■ **TASK STATEMENT**: An exact copy of the entries is needed, with every line included.

(Collected data entries)

(* With the notation of the context, assume in addition that the distribution of $\tilde a$ is continuous. Then the equation \[ \Phi(L):=\int_{\mu_{\min}}^{\mu_{\max}}\mu\,\frac{1-\beta L\tilde h(\mu)}{1+L\tilde h(\mu)}\,dF_1(\mu\mid L)=0 \] has at least one solution $L$ in the interval $\big[1/(\beta\tilde h(\mu_{\min})),\,1/(\beta\tilde h(\mu_{\max}))\big]$, and has no solution $L>0$ outside this interval.
   Context: Fix $0<\mu_{\min}<\mu_{\max}<\infty$ and $\beta>0$. Let $f$ (utility of idleness) be concave, increasing, twice continuously differentiable, and $c$ (effort cost) convex, increasing, twice continuously differentiable with $0<c_{\min}\le c'(\mu)\le c_{\max}<\infty$ on $[\mu_{\min},\mu_{\max}]$. Let $h>0$ on $[\mu_{\min},\mu_{\max}]$ and $\tilde h(\mu)=h(\mu)/\mu$, assumed convex and strictly decreasing with $2\tilde h'(\mu)^2\le\tilde h(\mu)\tilde h''(\mu)$. A random triple $(\tilde\mu_{\min},\tilde\mu_{\max},\tilde a)$ satisfies $\mu_{\min}\le\tilde\mu_{\min}\le\tilde\mu_{\max}\le\mu_{\max}$ and $0<a_{\min}\le\tilde a\le a_{\max}<\infty$ a.s. For $L>0$ let $C(\mu,L)=-\frac{L f'((1+L\tilde h(\mu))^{-1})\tilde h'(\mu)}{(1+L\tilde h(\mu))^2c'(\mu)}$ and $F_1(\mu\mid L)=\mathbb P(\tilde\mu_{\max}\le\mu)+\mathbb P(\tilde\mu_{\max}>\mu,\ \tilde\mu_{\min}<\mu,\ \tilde a\ge C(\mu,L))$. *)

theory Defs
  imports "HOL-Probability.Probability"
begin

text \<open>The threshold C(mu,L); f', ht = h/mu, ht', c' are passed explicitly.\<close>
definition Cthr ::
  "(real \<Rightarrow> real) \<Rightarrow> (real \<Rightarrow> real) \<Rightarrow> (real \<Rightarrow> real) \<Rightarrow> (real \<Rightarrow> real) \<Rightarrow> real \<Rightarrow> real \<Rightarrow> real"
  where "Cthr f' ht ht' c' mu L =
     - (L * f' (inverse (1 + L * ht mu)) * ht' mu) / ((1 + L * ht mu)\<^sup>2 * c' mu)"
theorem theorem2:
  fixes M :: "'a measure"
    and p :: "real ^ 'n \<Rightarrow> real"
    and x :: "'a \<Rightarrow> real ^ 'n"
    and X :: "nat \<Rightarrow> 'a \<Rightarrow> real ^ 'n"
    and L :: real and N :: nat and Mq :: nat
  assumes "prob_space M"
    and "L > 0"
    and p_nonneg: "\<And>v. p v \<ge> 0"
    and x_density: "distributed M lborel x (\<lambda>v. ennreal (p v))"
    and x_cube: "measure M {\<omega> \<in> space M. x \<omega> \<in> unit_cube} = 1"
    and p_lip: "\<And>v w. \<bar>p v - p w\<bar> \<le> L * (\<Sum>i\<in>UNIV. \<bar>v $ i - w $ i\<bar>)"
    and "N \<ge> 1"
    and X_dist: "\<And>i. i < N \<Longrightarrow> distributed M lborel (X i) (\<lambda>v. ennreal (p v))"
    and X_indep: "prob_space.indep_vars M (\<lambda>_. borel) X {..<N}"
    and M_large: "real Mq \<ge> 1 / (alpha_const * eta CARD('n) L)"
  shows "\<forall>\<delta>. 0 < \<delta> \<and> \<delta> < 1 \<longrightarrow>
     measure M {\<omega> \<in> space M.
        \<bar>entropy_estimator Mq N (\<lambda>i. X i \<omega>) - diff_entropy p\<bar>
          \<le> L * real CARD('n) / (2 * real Mq) * ln (real Mq * eta CARD('n) L)
             + sqrt (2 / real N * ln (2 / \<delta>)) * ln (real N)
             + ln (1 + (real Mq ^ CARD('n) - 1) / real N)}
     > 1 - \<delta>"
proof (intro allI impI)
  fix \<delta> :: real assume \<delta>: "0 < \<delta> \<and> \<delta> < 1"
  interpret lipschitz_cube_density p L
    by (intro lipschitz_cube_density.intro lipschitz_cube_density_axioms.intro p_lip
        cube_density_of_distributed[OF assms(1) p_nonneg x_density x_cube])
  have "CARD('n) \<ge> 1" by (simp add: Suc_le_eq)
  note Mq = ln_mult_eta_gt_2[OF this \<open>L > 0\<close> M_large]
  define s where "s = L * real CARD('n) / (2 * real Mq) * (ln (real Mq * eta CARD('n) L) - 2)"
  have "s > 0" using Mq \<open>L > 0\<close> by (simp add: s_def)
  have "L * real CARD('n) / real Mq + s = L * real CARD('n) / (2 * real Mq) * ln (real Mq * eta CARD('n) L)"
    using Mq(1) by (simp add: s_def field_simps)
  from prob_entropy_estimator_error[OF assms(1) \<open>N \<ge> 1\<close> X_dist X_indep Mq(1) _ _ \<open>s > 0\<close>, unfolded this] \<delta>
  show "measure M {\<omega> \<in> space M. \<bar>entropy_estimator Mq N (\<lambda>i. X i \<omega>) - diff_entropy p\<bar>
      \<le> L * real CARD('n) / (2 * real Mq) * ln (real Mq * eta CARD('n) L)
        + sqrt (2 / real N * ln (2 / \<delta>)) * ln (real N) + ln (1 + (real Mq ^ CARD('n) - 1) / real N)} > 1 - \<delta>"
    by simp
qed

end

■ **RESPONSE BELOW**:
(* With the notation of the context, assume in addition that the distribution of $\tilde a$ is continuous. Then the equation \[ \Phi(L):=\int_{\mu_{\min}}^{\mu_{\max}}\mu\,\frac{1-\beta L\tilde h(\mu)}{1+L\tilde h(\mu)}\,dF_1(\mu\mid L)=0 \] has at least one solution $L$ in the interval $\big[1/(\beta\tilde h(\mu_{\min})),\,1/(\beta\tilde h(\mu_{\max}))\big]$, and has no solution $L>0$ outside this interval.
   Context: Fix $0<\mu_{\min}<\mu_{\max}<\infty$ and $\beta>0$. Let $f$ (utility of idleness) be concave, increasing, twice continuously differentiable, and $c$ (effort cost) convex, increasing, twice continuously differentiable with $0<c_{\min}\le c'(\mu)\le c_{\max}<\infty$ on $[\mu_{\min},\mu_{\max}]$. Let $h>0$ on $[\mu_{\min},\mu_{\max}]$ and $\tilde h(\mu)=h(\mu)/\mu$, assumed convex and strictly decreasing with $2\tilde h'(\mu)^2\le\tilde h(\mu)\tilde h''(\mu)$. A random triple $(\tilde\mu_{\min},\tilde\mu_{\max},\tilde a)$ satisfies $\mu_{\min}\le\tilde\mu_{\min}\le\tilde\mu_{\max}\le\mu_{\max}$ and $0<a_{\min}\le\tilde a\le a_{\max}<\infty$ a.s. For $L>0$ let $C(\mu,L)=-\frac{L f'((1+L\tilde h(\mu))^{-1})\tilde h'(\mu)}{(1+L\tilde h(\mu))^2c'(\mu)}$ and $F_1(\mu\mid L)=\mathbb P(\tilde\mu_{\max}\le\mu)+\mathbb P(\tilde\mu_{\max}>\mu,\ \tilde\mu_{\min}<\mu,\ \tilde a\ge C(\mu,L))$. *)

theory Defs
  imports "HOL-Probability.Probability"
begin

text \<open>The threshold C(mu,L); f', ht = h/mu, ht', c' are passed explicitly.\<close>
definition Cthr ::
  "(real \<Rightarrow> real) \<Rightarrow> (real \<Rightarrow> real) \<Rightarrow> (real \<Rightarrow> real) \<Rightarrow> (real \<Rightarrow> real) \<Rightarrow> real \<Rightarrow> real \<Rightarrow> real"
  where "Cthr f' ht ht' c' mu L =
     - (L * f' (inverse (1 + L * ht mu)) * ht' mu) / ((1 + L * ht mu)\<^sup>2 * c' mu)"
theorem theorem2:
  fixes M :: "'a measure"
    and p :: "real ^ 'n \<Rightarrow> real"
    and x :: "'a \<Rightarrow> real ^ 'n"
    and X :: "nat \<Rightarrow> 'a \<Rightarrow> real ^ 'n"
    and L :: real and N :: nat and Mq :: nat
  assumes "prob_space M"
    and "L > 0"
    and p_nonneg: "\<And>v. p v \<ge> 0"
    and x_density: "distributed M lborel x (\<lambda>v. ennreal (p v))"
    and x_cube: "measure M {\<omega> \<in> space M. x \<omega> \<in> unit_cube} = 1"
    and p_lip: "\<And>v w. \<bar>p v - p w\<bar> \<le> L * (\<Sum>i\<in>UNIV. \<bar>v $ i - w $ i\<bar>)"
    and "N \<ge> 1"
    and X_dist: "\<And>i. i < N \<Longrightarrow> distributed M lborel (X i) (\<lambda>v. ennreal (p v))"
    and X_indep: "prob_space.indep_vars M (\<lambda>_. borel) X {..<N}"
    and M_large: "real Mq \<ge> 1 / (alpha_const * eta CARD('n) L)"
  shows "\<forall>\<delta>. 0 < \<delta> \<and> \<delta> < 1 \<longrightarrow>
     measure M {\<omega> \<in> space M.
        \<bar>entropy_estimator Mq N (\<lambda>i. X i \<omega>) - diff_entropy p\<bar>
          \<le> L * real CARD('n) / (2 * real Mq) * ln (real Mq * eta CARD('n) L)
             + sqrt (2 / real N * ln (2 / \<delta>)) * ln (real N)
             + ln (1 + (real Mq ^ CARD('n) - 1) / real N)}
     > 1 - \<delta>"
proof (intro allI impI)
  fix \<delta> :: real assume \<delta>: "0 < \<delta> \<and> \<delta> < 1"
  interpret lipschitz_cube_density p L
    by (intro lipschitz_cube_density.intro lipschitz_cube_density_axioms.intro p_lip
        cube_density_of_distributed[OF assms(1) p_nonneg x_density x_cube])
  have "CARD('n) \<ge> 1" by (simp add: Suc_le_eq)
  note Mq = ln_mult_eta_gt_2[OF this \<open>L > 0\<close> M_large]
  define s where "s = L * real CARD('n) / (2 * real Mq) * (ln (real Mq * eta CARD('n) L) - 2)"
  have "s > 0" using Mq \<open>L > 0\<close> by (simp add: s_def)
  have "L * real CARD('n) / real Mq + s = L * real CARD('n) / (2 * real Mq) * ln (real Mq * eta CARD('n) L)"
    using Mq(1) by (simp add: s_def field_simps)
  from prob_entropy_estimator_error[OF assms(1) \<open>N \<ge> 1\<close> X_dist X_indep Mq(1) _ _ \<open>s > 0\<close>, unfolded this] \<delta>
  show "measure M {\<omega> \<in> space M. \<bar>entropy_estimator Mq N (\<lambda>i. X i \<omega>) - diff_entropy p\<bar>
      \<le> L * real CARD('n) / (2 * real Mq) * ln (real Mq * eta CARD('n) L)
        + sqrt (2 / real N * ln (2 / \<delta>)) * ln (real N) + ln (1 + (real Mq ^ CARD('n) - 1) / real N)} > 1 - \<delta>"
    by simp
qed

end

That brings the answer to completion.